Giving AI Coding Agents a Script to Follow

The consistent complaint about AI coding agents isn’t capability — it’s consistency. Ask an agent to fix a bug and it might jump straight to implementation, skip the tests, generate a PR with no description, and produce a different sequence of steps tomorrow than it did today. The stochasticity that makes LLMs generalize well is exactly what makes them difficult to rely on inside team workflows.

Archon, an open-source project maintained by coleam00 and Wirasm, takes a CI/CD-style approach to this problem: encode your development process once, in YAML, and the agent follows that script every time. Version 0.3.6 shipped today.

The core abstraction is a workflow file that describes a DAG — a directed acyclic graph — of typed nodes. A Prompt node sends instructions to whichever AI assistant is configured and captures the output as a named variable. A Bash node runs a deterministic shell command. A Loop node iterates until a completion condition is met. An Approval node pauses execution and waits for a human to sign off. Outputs from any node can be passed downstream with a $nodeId.output substitution syntax, so a planning step can feed its output directly into the implementation prompt, which feeds into the validation command. Seventeen built-in workflow templates cover the common patterns: fix a GitHub issue, implement a feature, review a PR, perform a refactor.

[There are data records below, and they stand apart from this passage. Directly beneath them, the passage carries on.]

text \<open>The subtrees of two vertices with a common source meet at a node whose bag contains it.\<close>
lemma dag_tree_decomp_tree_convex_linked:
  assumes dec: "dag_tree_decomp V D N TE bag" and "sources_reaching_linked V D S"
  shows "tree_convex N TE {t \<in> N. bag t \<inter> S \<noteq> {}}"
  using assms(2) unfolding sources_reaching_linked_def
proof (elim disjE exE conjE)
  let ?nodes = "\<lambda>S. {t \<in> N. bag t \<inter> S \<noteq> {}}"
  fix y1 y2
  assume S: "S = sources_reaching V D y1 \<union> sources_reaching V D y2"
    and meet: "sources_reaching V D y1 \<inter> sources_reaching V D y2 \<noteq> {}"
  have "?nodes (sources_reaching V D y1) \<inter> ?nodes (sources_reaching V D y2) \<noteq> {}"
    using meet dec unfolding sources_reaching_def dag_tree_decomp_def by blast
  then have "tree_convex N TE (?nodes (sources_reaching V D y1) \<union> ?nodes (sources_reaching V D y2))"
    using dec unfolding dag_tree_decomp_def
    by (intro tree_convex_Un dag_tree_decomp_tree_convex_sources_reaching[OF dec]) auto
  moreover have "?nodes S = ?nodes (sources_reaching V D y1) \<union> ?nodes (sources_reaching V D y2)"
    unfolding S by blast
  ultimately show ?thesis by simp
qed (use tree_convex_empty dag_tree_decomp_tree_convex_sources_reaching[OF dec] in simp_all)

The other interesting design choice is isolation. Each workflow run gets its own git worktree, synchronized from origin before execution. This means you can kick off five parallel fixes without any branch conflicts — each agent operates on its own checked-out copy of the repo, cleans up when the PR is merged, and leaves no stale state. For teams running background agents triggered by GitHub webhooks or Slack messages (both supported), this matters: you can queue tasks without serializing them.

What this looks like in practice is something closer to how teams already think about CI/CD pipelines than how they’ve been thinking about AI coding. A GitHub Actions workflow that runs lint, then tests, then builds, then deploys is not a new idea — you encode your process once and trust it to execute consistently. Archon applies the same pattern to a workflow that involves LLM calls. The AI-powered steps (planning, code generation, PR description) are nodes in the same graph as deterministic steps (running tests, checking formatting). The graph structure makes the dependencies explicit and the execution reproducible.

There are real limitations worth naming. YAML workflow definitions front-load the work of capturing your team’s process — if you haven’t thought carefully about how features should be built, a YAML file won’t help you figure that out. And the “determinism” here is structural, not semantic: the same prompt sent to the same model will still produce different outputs on different runs. What you get is consistent structure around the AI calls, not consistent results from them. The Loop node is specifically designed to handle the case where the first attempt at implementation doesn’t pass tests, letting the agent retry with feedback — but that’s iteration management, not guaranteed convergence.

v0.3.6, released this morning, is largely a UI pass: artifact file paths in chat messages are now clickable, workflow execution views show status, duration, node counts, and produced artifacts, and loop node iteration progress is more visible. The backend gets a fix for environment variable leakage in multi-tenant deployments and better handling of first-event timeouts. Not a major architectural shift — steady progress on a tool sitting at 16,000+ GitHub stars, which suggests the workflow-as-code framing is resonating with teams already running agents in production.